We also gamed. Timm and I started the evening off with a game of Aton. It was a punch/counterpunch type of game and quite possibly the longest one we had played (game time, not real time). We almost went through the deck twice. I started out jumping into the lead by pushing the points in the first section. By the time he countered, I had switched over to other strategies. It took awhile to get to the first scoring as neither of us were plucking pieces from the board. I think we even had the board just about filled after the the first scoring (which had me in the lead by about 8-9 points). The second scoring round wasn't going as well for me as I was trying to push to get to forty before a second scoring round would go as I knew Timm would have me if it got to that point. I was one point shy of that and Timm did win pretty handedly on points after that. It was a tight, tense game, as they always are. This is one I want to play down in St. Louis in May with some different people.
Three of us from the game group are heading down to the Geekway to the West in May for a few days of gaming convention goodness. Looking forward to it and meeting some more of the wonderful people on the Geek and gaming with some I had met previously.
Chris and Jeff arrived around the same time and I had been reading the rules to Don so we played it. Heh, two Queen Games in a row. Those and the alea are two of my favorite publishers. Anyways, Don is a little card game filler that plays 3-6. It's an auction/set collection game with a closed economy. Except, the bidding is weird as it's based on what cards you are collection and you play people based on what cards they might have too. I don't want to go into it too much but I thought it was a different type of auction and works well for this quick game. Lesson learned - Bid aggressively. Timm had 25, Jeff 23, Chris had 5 and I had 3. I want to play again and whomever won the copy at the Game-a-Thon in March, you really should play it.
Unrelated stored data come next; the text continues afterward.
lemma P_trilinear: "trilinear scale P"
  unfolding trilinear_def Vector_Spaces.linear_iff
  using vector_space_axioms
  by (auto intro!: omega_alpha_eqI simp: omega_P omega_add_left omega_add_right
      omega_scale_left omega_scale_right B_add1 B_add2 B_scale1 B_scale2 alpha_add alpha_scale)

lemma P_skew: "P x y z = - P y x z"
  by (rule omega_alpha_eqI)
    (simp add: omega_P omega_minus_left omega_minus_right B_skew_left[of y x])

lemma omega_P_P:
  "\<omega> (P (\<alpha> a) (\<alpha> b) (P c d e)) (\<alpha> (\<alpha> t)) = \<omega> (\<alpha> (\<alpha> e)) (B (\<alpha> c) (\<alpha> d) (B a b t))"
proof -
  have "\<omega> (P (\<alpha> a) (\<alpha> b) (P c d e)) (\<alpha> (\<alpha> t)) = - \<omega> (\<alpha> (P c d e)) (\<alpha> (B a b t))"
    by (simp add: omega_P alpha_B)
  also have "\<dots> = - \<omega> (P c d e) (\<alpha> (inv \<alpha> (B a b t)))"
    by (simp add: omega_alpha alpha_inv_right)
  also have "\<dots> = \<omega> (\<alpha> (\<alpha> e)) (\<alpha> (B c d (inv \<alpha> (B a b t))))"
    by (simp add: omega_P omega_alpha)
  also have "\<dots> = \<omega> (\<alpha> (\<alpha> e)) (B (\<alpha> c) (\<alpha> d) (B a b t))"
    by (simp add: alpha_B alpha_inv_right)
  finally show ?thesis .
qed

lemma P_fundamental_identity:
  "P (\<alpha> x) (\<alpha> y) (P z u v) =
     P (B x y z) (\<alpha> u) (\<alpha> v) + P (\<alpha> z) (B x y u) (\<alpha> v) + P (\<alpha> z) (\<alpha> u) (P x y v)"
  by (rule omega_alpha2_eqI)
    (simp only: omega_add_left omega_P_P, simp add: omega_P fundamental_identity[of x y z u]
      omega_add_right)

lemma P_cyclic_identity:
  "P (B x y z) (\<alpha> u) (\<alpha> v) =
     P (\<alpha> x) (\<alpha> y) (P z u v) + P (\<alpha> y) (\<alpha> z) (P x u v) + P (\<alpha> z) (\<alpha> x) (P y u v)"
proof (rule omega_alpha2_eqI)
  fix t
  have "B (B x y z) (\<alpha> u) (\<alpha> t) = - (B (\<alpha> z) (\<alpha> u) (B x y t) + B (\<alpha> x) (\<alpha> u) (B y z t)
      + B (\<alpha> y) (\<alpha> u) (B z x t))"
    using skew_fundamental_identity_cyclic[OF B_skew B_minus3 fundamental_identity, of x y z u t]
    by (simp add: algebra_simps eq_neg_iff_add_eq_0)
  then show "\<omega> (P (B x y z) (\<alpha> u) (\<alpha> v)) (\<alpha> (\<alpha> t)) =
      \<omega> (P (\<alpha> x) (\<alpha> y) (P z u v) + P (\<alpha> y) (\<alpha> z) (P x u v) + P (\<alpha> z) (\<alpha> x) (P y u v)) (\<alpha> (\<alpha> t))"
    by (simp only: omega_add_left omega_P_P)
      (simp add: omega_P omega_minus_right omega_diff_right omega_add_right)
qed

lemma P_hom_pre_lie3: "hom_pre_lie3 scale P \<alpha>"
  unfolding hom_pre_lie3_def Let_def P_cyclic_sum
  using P_trilinear alpha_linear P_skew P_fundamental_identity P_cyclic_identity by blast

end

theorem proposition5p6:
  fixes scale :: "'k::field \<Rightarrow> 'v::ab_group_add \<Rightarrow> 'v"
    and B :: "'v \<Rightarrow> 'v \<Rightarrow> 'v \<Rightarrow> 'v" and \<alpha> :: "'v \<Rightarrow> 'v" and \<omega> :: "'v \<Rightarrow> 'v \<Rightarrow> 'k"
  assumes vs: "vector_space scale"
    and fin: "\<exists>S. finite S \<and> module.span scale S = UNIV"
    and sympl: "symplectic_hom_lie3 scale B \<alpha> \<omega>"
  shows "(\<exists>!P. \<forall>x y z w. \<omega> (P x y z) (\<alpha> w) = - \<omega> (\<alpha> z) (B x y w))
    \<and> (\<forall>P. (\<forall>x y z w. \<omega> (P x y z) (\<alpha> w) = - \<omega> (\<alpha> z) (B x y w)) \<longrightarrow>
          hom_pre_lie3 scale P \<alpha> \<and> (\<forall>x y z. P x y z + P y z x + P z x y = B x y z))"
proof -
  interpret symplectic_hom_lie3_space scale B \<alpha> \<omega>
    unfolding symplectic_hom_lie3_space_def symplectic_hom_lie3_space_axioms_def
    using vs sympl by blast
  have "hom_pre_lie3 scale P \<alpha> \<and> (\<forall>x y z. P x y z + P y z x + P z x y = B x y z)"
    if "\<forall>x y z w. \<omega> (P x y z) (\<alpha> w) = - \<omega> (\<alpha> z) (B x y w)" for P
  proof -
    interpret induced_hom_pre_lie3 scale B \<alpha> \<omega> P
      using vs sympl that
      unfolding induced_hom_pre_lie3_def induced_hom_pre_lie3_axioms_def
        symplectic_hom_lie3_space_def symplectic_hom_lie3_space_axioms_def
      by blast
    show ?thesis
      using P_hom_pre_lie3 P_cyclic_sum by blast
  qed
  then show ?thesis
    using induced_product_unique_existence fin by blast
qed

end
Timm and I were talking about perhaps over the next 13 weeks playing each of the big box alea games. But, I'm not sure if we all want to do that (I don't know if I want to do that). We still broke out Puerto Rico as it had been awhile (and I just love this game). It was quite a tough battle in this one. Timm was working the quarries, Jeff was shipping, Chris was working money and I was doing my thing. In the second to last round, Jeff took the Captain hoping to end the game that round. We were two victory points short and that was the game. The next round, Timm and Chris were each able to buy another big building and get it manned (or was that the turn before?) Regardless, Timm won this one, too. He had 60, Chris had 58, I had 52 and Jeff had 43. Always a fun game for me.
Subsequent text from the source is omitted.